In 1993, Mazda Canada offered a limited special edition model of its Mazda MX-3 GS to celebrate the company's 25th year in Canada. At the same time, Mazda USA offered a similar model in a special edition as well. Only a total of 2,000 were supposedly made. The special edition MX-3 featured the V6 engine, leather interior (including seats, steering wheel and shift knob), heated seats (Canada only), and custom Enkei manufactured 15 inch alloy wheels. Most special edition models came in the color "raspberry metallic"; however, there was also "blaze" red, "brilliant" black, and "laguna" blue.

In 1993, Mazda Europe produced 100 Mazda MX-3 V6 SEs. These had a leather and suede interior, and all had the clear white body color. There were also a limited number of Mazda MX-3 V6 Equipes, with "sparkle green metallic" or "noble" green exteriors.

==Modifications==

Comparison chart of typical MX-3 engine swaps

The MX-3 is becoming a rare car, so modifications for it can be difficult to find unless one knows where to look, since it has not been sold in North America since 1997. Since the MX-3 has two engine classes, I4 and V6, many of the engine performance modifications are dependent upon what platform is installed.

There is now a decent range of body modifications for the MX-3 along with performance brakes and suspension.
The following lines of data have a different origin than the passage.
(* Let $I$ be a $\ast$-homog ideal of $D$ and let $M(I)$ be the unique maximal $\ast$-ideal containing $I$. Then $ID_{M(I)}\cap D=I$.
   Context: $D$ is an integral domain and $\ast$ is a star operation on $D$ of finite character. A $\ast$-ideal is a nonzero fractional ideal $I$ with $I^\ast=I$; it is of finite type if $I=J^\ast$ for some nonzero finitely generated $J$. A maximal $\ast$-ideal is an integral $\ast$-ideal maximal among proper integral $\ast$-ideals. A $\ast$-homog ideal of $D$ is an integral $\ast$-ideal $I$ of finite type with $I\subsetneq D$ such that $(J+L)^{\ast}\neq D$ for every pair $J,L$ of proper integral $\ast$-ideals of finite type containing $I$. Every $\ast$-homog ideal $I$ is contained in exactly one maximal $\ast$-ideal, denoted $M(I)$ (explicitly $M(I)=\{x\in D:(xD+I)^\ast\neq D\}$). *)

theory Defs
  imports Main
begin

text \<open>The integral domain D is represented as a subring of an ambient field 'a
(every integral domain embeds in its quotient field). Fractional ideals live in
the quotient field of D, which we describe inside 'a.\<close>

definition subdomain :: "'a::field set \<Rightarrow> bool" where
  "subdomain D \<longleftrightarrow> 0 \<in> D \<and> 1 \<in> D \<and>
     (\<forall>x\<in>D. \<forall>y\<in>D. x + y \<in> D \<and> x - y \<in> D \<and> x * y \<in> D)"

definition quot_field :: "'a::field set \<Rightarrow> 'a set" where
  "quot_field D = {a / b | a b. a \<in> D \<and> b \<in> D \<and> b \<noteq> 0}"

definition dmodule :: "'a::field set \<Rightarrow> 'a set \<Rightarrow> bool" where
  "dmodule D I \<longleftrightarrow> 0 \<in> I \<and> (\<forall>x\<in>I. \<forall>y\<in>I. x + y \<in> I) \<and> (\<forall>d\<in>D. \<forall>x\<in>I. d * x \<in> I)"

definition frac_ideal :: "'a::field set \<Rightarrow> 'a set \<Rightarrow> bool" where
  "frac_ideal D I \<longleftrightarrow> dmodule D I \<and> I \<noteq> {0} \<and> (\<exists>d\<in>D. d \<noteq> 0 \<and> (\<forall>x\<in>I. d * x \<in> D))"
lemma triangle_runit_inv:
  assumes "A \<in> Obs" "B \<in> Obs"
  shows "\<alpha> A U B \<cdot> (\<rho>' A \<otimes> idt B) = idt A \<otimes> lu' B"
  using arg_cong[OF triangle[of A B], of "\<lambda>h. (idt A \<otimes> lu' B) \<cdot> (h \<cdot> (\<rho>' A \<otimes> idt B))"] assms by simp
lemma triangle_assoc_inv:
  assumes "A \<in> Obs" "B \<in> Obs"
  shows "(\<rho> A \<otimes> idt B) \<cdot> \<alpha>' A U B = idt A \<otimes> lu B"
  using arg_cong[OF triangle[of A B], of "\<lambda>h. h \<cdot> \<alpha>' A U B"] assms by simp

lemma pentagon_alt1:
  assumes "A \<in> Obs" "B \<in> Obs" "D \<in> Obs" "E \<in> Obs"
  shows "\<alpha>' A B (D \<odot> E) \<cdot> (idt A \<otimes> \<alpha> B D E)
     = \<alpha> (A \<odot> B) D E \<cdot> ((\<alpha>' A B D \<otimes> idt E) \<cdot> \<alpha>' A (B \<odot> D) E)"
  using comp_reassoc3[OF pentagon[of A B D E], of "(\<alpha>' A B D \<otimes> idt E) \<cdot> \<alpha>' A (B \<odot> D) E"] assms
  by simp
lemma pentagon_alt2:
  assumes "A \<in> Obs" "B \<in> Obs" "D \<in> Obs" "E \<in> Obs"
  shows "(idt A \<otimes> \<alpha>' B D E) \<cdot> \<alpha> A B (D \<odot> E)
     = \<alpha> A (B \<odot> D) E \<cdot> ((\<alpha> A B D \<otimes> idt E) \<cdot> \<alpha>' (A \<odot> B) D E)"
  using arg_cong[OF pentagon[of A B D E],
      of "\<lambda>h. (idt A \<otimes> \<alpha>' B D E) \<cdot> (h \<cdot> \<alpha>' (A \<odot> B) D E)"] assms
  by simp
lemma pentagon_alt3:
  assumes "A \<in> Obs" "B \<in> Obs" "D \<in> Obs" "E \<in> Obs"
  shows "(\<alpha> A B D \<otimes> idt E) \<cdot> (\<alpha>' (A \<odot> B) D E \<cdot> \<alpha>' A B (D \<odot> E))
     = \<alpha>' A (B \<odot> D) E \<cdot> (idt A \<otimes> \<alpha>' B D E)"
  using arg_cong[OF pentagon[of A B D E],
      of "\<lambda>k. \<alpha>' A (B \<odot> D) E \<cdot> ((idt A \<otimes> \<alpha>' B D E) \<cdot> (k \<cdot> (\<alpha>' (A \<odot> B) D E \<cdot> \<alpha>' A B (D \<odot> E))))"] assms
  by simp

definition luncurry :: "'o \<Rightarrow> 'o \<Rightarrow> 'a \<Rightarrow> 'a" where
  "luncurry A Z f = lu Z \<cdot> ((\<epsilon> A \<otimes> idt Z) \<cdot> (\<alpha>' A (ds A) Z \<cdot> (idt A \<otimes> f)))"
definition lcurry :: "'o \<Rightarrow> 'o \<Rightarrow> 'a \<Rightarrow> 'a" where
  "lcurry A X g = (idt (ds A) \<otimes> g) \<cdot> (\<alpha> (ds A) A X \<cdot> ((\<eta> A \<otimes> idt X) \<cdot> lu' X))"
definition runcurry :: "'o \<Rightarrow> 'o \<Rightarrow> 'a \<Rightarrow> 'a" where
  "runcurry A Z f = \<rho> Z \<cdot> ((idt Z \<otimes> \<epsilon> A) \<cdot> (\<alpha> Z A (ds A) \<cdot> (f \<otimes> idt (ds A))))"
definition rcurry :: "'o \<Rightarrow> 'o \<Rightarrow> 'a \<Rightarrow> 'a" where
  "rcurry A Y h = (h \<otimes> idt A) \<cdot> (\<alpha>' Y (ds A) A \<cdot> ((idt Y \<otimes> \<eta> A) \<cdot> \<rho>' Y))"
Most extensive modification must be entirely custom fabricated due to limited availability.

===RS===

The MX-3 RS with the four-cylinder engine can upgrade to the BP 132 hp, B6-T 147 hp, BP-T 179 hp and BPD-T 206 hp engines.

Swapping of the four-cylinder RS engines is slightly more complicated than the V6 GS mainly due to ECU, wiring harness, and MAF combinations as well as motor mounts. The V6 swaps require specific ECU, intake manifold, and VAF sensor combinations, but there are far fewer variables to deal with. Many improvements can be made after the engine swap and during the engine tuning process to find the best combination of engine peripherals.

===GS===
The most common engine swap for MX-3 GS owners with the V6 engine is a 2.5 L V6, either a North American-spec KL-DE 168 hp, found most commonly in the 1993–1997 Ford Probe GT, the 1993–1997 Mazda MX-6 LS, or the 1993–2002 Mazda 626 LX or ES, and the Japanese-spec KL-ZE 200 hp, found in such vehicles as the Efini MS-8, Xedos 9, and Eunos 800. A 2.0 L V6 KF-ZE is also available, but this swap is quite difficult due to the unavailability of required components. For this reason, this particular engine swap is not often attempted.
The GS, apart from the engine has dual tip exhaust, a tighter steering ratio, four disc brakes and front and rear spoiler.